> [What this task involves]: After counting the lines below that hold the word "mapsto", reply with the count and nothing else.

☆ ☆ ☆ ☆

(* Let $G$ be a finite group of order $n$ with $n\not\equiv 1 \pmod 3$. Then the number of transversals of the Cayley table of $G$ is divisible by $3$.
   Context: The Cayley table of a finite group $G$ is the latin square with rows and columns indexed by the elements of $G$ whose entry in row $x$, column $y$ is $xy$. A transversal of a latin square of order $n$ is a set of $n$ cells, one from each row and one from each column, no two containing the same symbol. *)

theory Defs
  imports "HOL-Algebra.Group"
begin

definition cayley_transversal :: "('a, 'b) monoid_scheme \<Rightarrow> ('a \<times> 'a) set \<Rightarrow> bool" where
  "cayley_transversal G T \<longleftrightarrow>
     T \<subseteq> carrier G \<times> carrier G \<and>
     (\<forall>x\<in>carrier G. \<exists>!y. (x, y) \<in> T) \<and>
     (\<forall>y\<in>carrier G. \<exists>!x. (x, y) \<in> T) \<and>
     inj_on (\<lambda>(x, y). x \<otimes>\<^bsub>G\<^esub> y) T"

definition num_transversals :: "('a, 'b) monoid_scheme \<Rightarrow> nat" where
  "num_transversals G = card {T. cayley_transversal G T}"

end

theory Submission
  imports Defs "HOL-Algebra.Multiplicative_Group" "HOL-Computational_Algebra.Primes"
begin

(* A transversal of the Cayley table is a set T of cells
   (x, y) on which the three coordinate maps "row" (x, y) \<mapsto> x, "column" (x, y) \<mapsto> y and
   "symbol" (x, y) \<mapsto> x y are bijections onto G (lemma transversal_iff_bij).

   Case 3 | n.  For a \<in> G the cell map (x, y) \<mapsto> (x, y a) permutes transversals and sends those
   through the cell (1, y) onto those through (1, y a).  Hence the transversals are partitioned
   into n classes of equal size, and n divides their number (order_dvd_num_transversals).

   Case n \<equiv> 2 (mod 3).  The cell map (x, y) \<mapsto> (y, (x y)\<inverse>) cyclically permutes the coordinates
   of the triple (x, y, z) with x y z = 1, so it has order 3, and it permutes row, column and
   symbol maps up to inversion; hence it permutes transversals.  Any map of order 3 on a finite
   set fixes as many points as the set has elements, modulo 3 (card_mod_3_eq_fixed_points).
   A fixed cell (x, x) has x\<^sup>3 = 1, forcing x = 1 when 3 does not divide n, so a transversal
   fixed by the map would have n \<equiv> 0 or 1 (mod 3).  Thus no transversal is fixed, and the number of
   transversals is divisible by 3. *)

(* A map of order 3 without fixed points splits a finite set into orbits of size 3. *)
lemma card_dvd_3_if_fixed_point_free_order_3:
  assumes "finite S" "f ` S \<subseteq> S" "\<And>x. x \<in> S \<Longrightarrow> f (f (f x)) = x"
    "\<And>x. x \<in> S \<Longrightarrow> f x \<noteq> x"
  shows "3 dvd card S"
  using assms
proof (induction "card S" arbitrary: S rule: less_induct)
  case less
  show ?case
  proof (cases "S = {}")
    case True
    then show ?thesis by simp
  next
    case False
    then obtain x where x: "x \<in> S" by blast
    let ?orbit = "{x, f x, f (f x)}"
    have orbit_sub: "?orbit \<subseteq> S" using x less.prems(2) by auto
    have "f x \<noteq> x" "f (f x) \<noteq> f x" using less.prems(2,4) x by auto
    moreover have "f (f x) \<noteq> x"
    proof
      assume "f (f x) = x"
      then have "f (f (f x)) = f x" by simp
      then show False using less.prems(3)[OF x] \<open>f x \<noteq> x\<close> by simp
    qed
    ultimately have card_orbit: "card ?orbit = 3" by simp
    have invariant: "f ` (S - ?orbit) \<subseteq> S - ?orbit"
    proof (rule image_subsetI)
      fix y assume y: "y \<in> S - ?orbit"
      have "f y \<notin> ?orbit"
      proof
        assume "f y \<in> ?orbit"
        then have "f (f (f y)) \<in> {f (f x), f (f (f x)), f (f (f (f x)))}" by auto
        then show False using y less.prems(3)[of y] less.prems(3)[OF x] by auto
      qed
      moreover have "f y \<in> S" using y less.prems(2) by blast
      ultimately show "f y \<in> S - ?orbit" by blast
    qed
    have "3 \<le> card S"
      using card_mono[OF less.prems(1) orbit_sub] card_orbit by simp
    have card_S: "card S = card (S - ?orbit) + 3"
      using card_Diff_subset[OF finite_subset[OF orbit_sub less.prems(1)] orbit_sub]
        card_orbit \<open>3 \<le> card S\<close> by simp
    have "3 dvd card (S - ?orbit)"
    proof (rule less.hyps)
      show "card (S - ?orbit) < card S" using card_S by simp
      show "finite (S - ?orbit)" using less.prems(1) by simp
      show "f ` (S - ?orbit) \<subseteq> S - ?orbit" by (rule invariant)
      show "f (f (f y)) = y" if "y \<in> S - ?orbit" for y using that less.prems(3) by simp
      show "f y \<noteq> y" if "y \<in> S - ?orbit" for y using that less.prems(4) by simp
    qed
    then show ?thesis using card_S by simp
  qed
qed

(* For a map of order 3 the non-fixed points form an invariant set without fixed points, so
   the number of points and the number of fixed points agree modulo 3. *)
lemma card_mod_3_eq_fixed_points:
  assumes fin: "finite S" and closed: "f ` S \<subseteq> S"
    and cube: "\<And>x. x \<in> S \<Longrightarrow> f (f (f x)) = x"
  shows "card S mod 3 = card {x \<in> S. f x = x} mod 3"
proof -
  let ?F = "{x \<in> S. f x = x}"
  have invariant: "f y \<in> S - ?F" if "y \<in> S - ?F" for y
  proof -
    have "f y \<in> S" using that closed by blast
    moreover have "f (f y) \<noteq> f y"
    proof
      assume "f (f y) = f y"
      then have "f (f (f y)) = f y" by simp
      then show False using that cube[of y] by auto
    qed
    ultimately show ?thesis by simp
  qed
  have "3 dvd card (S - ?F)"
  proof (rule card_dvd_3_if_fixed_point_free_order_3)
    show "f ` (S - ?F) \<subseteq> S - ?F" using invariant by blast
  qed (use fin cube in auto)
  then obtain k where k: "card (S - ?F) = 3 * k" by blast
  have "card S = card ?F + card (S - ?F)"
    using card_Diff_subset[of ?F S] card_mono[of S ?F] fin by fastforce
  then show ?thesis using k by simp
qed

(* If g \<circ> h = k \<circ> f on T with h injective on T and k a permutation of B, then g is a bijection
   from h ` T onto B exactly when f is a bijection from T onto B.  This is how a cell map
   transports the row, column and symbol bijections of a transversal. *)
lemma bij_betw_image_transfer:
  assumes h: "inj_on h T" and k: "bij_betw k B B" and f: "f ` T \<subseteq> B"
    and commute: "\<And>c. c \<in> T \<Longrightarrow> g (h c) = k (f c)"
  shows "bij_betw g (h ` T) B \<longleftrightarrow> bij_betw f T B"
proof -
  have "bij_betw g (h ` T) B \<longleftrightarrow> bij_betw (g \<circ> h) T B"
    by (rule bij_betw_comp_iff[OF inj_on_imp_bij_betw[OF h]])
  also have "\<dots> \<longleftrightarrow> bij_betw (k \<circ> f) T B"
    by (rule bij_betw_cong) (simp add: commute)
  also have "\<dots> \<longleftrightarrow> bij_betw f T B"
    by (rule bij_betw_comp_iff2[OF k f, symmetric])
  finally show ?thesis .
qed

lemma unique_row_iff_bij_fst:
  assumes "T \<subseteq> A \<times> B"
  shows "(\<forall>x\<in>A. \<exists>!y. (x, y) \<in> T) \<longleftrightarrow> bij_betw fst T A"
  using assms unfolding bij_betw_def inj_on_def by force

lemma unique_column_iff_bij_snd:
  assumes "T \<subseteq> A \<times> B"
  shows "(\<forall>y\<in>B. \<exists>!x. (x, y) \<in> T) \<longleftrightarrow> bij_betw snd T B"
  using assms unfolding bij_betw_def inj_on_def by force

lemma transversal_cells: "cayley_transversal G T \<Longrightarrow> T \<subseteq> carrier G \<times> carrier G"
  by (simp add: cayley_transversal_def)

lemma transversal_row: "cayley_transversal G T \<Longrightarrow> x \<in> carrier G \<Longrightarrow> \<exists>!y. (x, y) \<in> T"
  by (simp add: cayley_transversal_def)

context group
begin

☆ ☆ ☆ ☆

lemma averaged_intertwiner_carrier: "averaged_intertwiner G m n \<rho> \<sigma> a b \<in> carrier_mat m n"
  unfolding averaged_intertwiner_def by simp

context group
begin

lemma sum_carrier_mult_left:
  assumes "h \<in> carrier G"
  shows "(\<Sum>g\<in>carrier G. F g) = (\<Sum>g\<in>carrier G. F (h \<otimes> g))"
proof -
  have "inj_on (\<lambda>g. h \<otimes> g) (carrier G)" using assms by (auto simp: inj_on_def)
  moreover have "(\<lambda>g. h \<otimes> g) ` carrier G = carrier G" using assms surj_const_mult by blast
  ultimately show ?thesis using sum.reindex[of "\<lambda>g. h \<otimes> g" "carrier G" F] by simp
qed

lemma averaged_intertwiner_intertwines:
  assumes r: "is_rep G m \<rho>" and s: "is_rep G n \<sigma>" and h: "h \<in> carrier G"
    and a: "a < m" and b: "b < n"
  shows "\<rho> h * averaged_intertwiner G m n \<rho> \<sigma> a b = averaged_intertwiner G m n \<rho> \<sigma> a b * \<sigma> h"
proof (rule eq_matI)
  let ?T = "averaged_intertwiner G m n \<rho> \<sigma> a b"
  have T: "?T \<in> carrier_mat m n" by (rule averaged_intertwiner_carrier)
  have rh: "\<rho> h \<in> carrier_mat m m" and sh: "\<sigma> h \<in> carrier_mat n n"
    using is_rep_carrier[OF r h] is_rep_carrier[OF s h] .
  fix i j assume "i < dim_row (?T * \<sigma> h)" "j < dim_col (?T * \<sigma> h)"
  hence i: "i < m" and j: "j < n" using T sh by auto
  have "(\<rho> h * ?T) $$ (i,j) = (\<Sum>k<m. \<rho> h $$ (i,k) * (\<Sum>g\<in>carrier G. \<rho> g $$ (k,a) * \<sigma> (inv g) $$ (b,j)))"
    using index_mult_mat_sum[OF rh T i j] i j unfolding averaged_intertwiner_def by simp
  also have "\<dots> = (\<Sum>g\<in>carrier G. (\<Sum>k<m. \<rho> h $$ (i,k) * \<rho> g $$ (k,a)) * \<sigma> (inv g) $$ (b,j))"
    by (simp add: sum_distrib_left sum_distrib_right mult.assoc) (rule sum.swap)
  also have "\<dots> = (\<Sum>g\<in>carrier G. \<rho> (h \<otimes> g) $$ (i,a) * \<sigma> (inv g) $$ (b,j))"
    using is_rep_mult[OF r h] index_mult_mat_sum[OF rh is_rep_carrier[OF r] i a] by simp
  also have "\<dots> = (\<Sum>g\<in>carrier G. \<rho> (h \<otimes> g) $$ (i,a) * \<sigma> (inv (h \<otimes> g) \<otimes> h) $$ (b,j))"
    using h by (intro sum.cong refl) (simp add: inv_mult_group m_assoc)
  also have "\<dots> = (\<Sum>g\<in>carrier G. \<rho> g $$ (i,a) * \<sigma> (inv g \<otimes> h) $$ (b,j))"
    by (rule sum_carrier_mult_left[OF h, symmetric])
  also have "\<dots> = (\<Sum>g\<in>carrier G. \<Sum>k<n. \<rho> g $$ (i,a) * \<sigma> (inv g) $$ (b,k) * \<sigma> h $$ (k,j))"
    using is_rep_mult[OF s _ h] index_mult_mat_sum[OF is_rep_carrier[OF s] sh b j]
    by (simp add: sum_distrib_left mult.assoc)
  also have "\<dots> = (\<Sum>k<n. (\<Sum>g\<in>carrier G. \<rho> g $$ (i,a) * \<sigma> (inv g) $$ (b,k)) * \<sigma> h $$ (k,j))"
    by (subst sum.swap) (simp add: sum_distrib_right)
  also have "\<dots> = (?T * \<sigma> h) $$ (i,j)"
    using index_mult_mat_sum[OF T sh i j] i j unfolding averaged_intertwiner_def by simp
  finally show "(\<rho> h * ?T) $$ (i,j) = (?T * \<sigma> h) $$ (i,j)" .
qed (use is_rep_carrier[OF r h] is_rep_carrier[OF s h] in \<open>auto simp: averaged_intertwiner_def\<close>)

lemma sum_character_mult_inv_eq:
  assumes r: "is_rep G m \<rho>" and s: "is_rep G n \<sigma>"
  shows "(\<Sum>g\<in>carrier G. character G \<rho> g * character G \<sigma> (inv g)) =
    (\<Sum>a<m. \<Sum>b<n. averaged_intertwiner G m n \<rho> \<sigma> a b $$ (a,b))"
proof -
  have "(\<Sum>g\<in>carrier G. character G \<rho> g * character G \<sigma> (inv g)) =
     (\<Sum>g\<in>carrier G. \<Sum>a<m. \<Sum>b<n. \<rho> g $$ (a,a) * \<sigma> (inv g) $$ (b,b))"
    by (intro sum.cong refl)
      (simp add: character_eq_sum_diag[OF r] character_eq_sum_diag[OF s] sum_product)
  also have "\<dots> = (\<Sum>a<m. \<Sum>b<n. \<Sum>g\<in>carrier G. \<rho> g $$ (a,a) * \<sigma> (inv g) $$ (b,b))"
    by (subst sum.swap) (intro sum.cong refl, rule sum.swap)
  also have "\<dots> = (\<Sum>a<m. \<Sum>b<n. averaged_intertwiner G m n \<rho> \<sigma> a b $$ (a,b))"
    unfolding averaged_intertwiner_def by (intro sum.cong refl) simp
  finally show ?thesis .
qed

☆ ☆ ☆ ☆

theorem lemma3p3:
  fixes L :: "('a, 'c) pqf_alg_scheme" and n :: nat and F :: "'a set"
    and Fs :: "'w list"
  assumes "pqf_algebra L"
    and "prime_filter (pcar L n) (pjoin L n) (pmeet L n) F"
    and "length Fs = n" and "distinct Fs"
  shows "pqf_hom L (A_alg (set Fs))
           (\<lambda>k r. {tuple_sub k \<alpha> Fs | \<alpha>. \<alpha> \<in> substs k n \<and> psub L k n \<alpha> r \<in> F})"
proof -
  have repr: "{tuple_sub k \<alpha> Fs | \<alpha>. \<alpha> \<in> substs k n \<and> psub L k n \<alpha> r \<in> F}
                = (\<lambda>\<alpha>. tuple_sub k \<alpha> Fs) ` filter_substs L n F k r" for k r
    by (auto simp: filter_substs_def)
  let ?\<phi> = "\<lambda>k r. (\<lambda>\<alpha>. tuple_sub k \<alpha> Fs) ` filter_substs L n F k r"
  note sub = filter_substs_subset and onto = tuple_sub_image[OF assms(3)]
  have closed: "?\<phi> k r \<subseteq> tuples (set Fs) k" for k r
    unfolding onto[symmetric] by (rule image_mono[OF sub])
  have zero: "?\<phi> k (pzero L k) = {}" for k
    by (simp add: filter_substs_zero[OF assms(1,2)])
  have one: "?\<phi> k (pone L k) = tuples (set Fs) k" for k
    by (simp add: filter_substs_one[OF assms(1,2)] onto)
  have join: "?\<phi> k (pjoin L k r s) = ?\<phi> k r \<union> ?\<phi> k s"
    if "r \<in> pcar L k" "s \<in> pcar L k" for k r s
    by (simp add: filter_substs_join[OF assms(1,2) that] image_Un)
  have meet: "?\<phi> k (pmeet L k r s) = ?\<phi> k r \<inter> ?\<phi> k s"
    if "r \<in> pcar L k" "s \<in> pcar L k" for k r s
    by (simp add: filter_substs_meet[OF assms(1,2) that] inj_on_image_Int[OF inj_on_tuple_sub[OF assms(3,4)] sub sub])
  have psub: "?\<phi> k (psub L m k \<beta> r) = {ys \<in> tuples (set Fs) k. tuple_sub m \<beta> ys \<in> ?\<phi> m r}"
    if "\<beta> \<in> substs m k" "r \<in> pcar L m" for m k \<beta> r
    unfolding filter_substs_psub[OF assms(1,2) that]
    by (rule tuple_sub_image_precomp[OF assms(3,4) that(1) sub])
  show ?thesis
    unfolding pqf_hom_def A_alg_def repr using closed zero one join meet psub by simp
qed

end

☆ ☆ ☆ ☆

> [Solution to the problem]: 4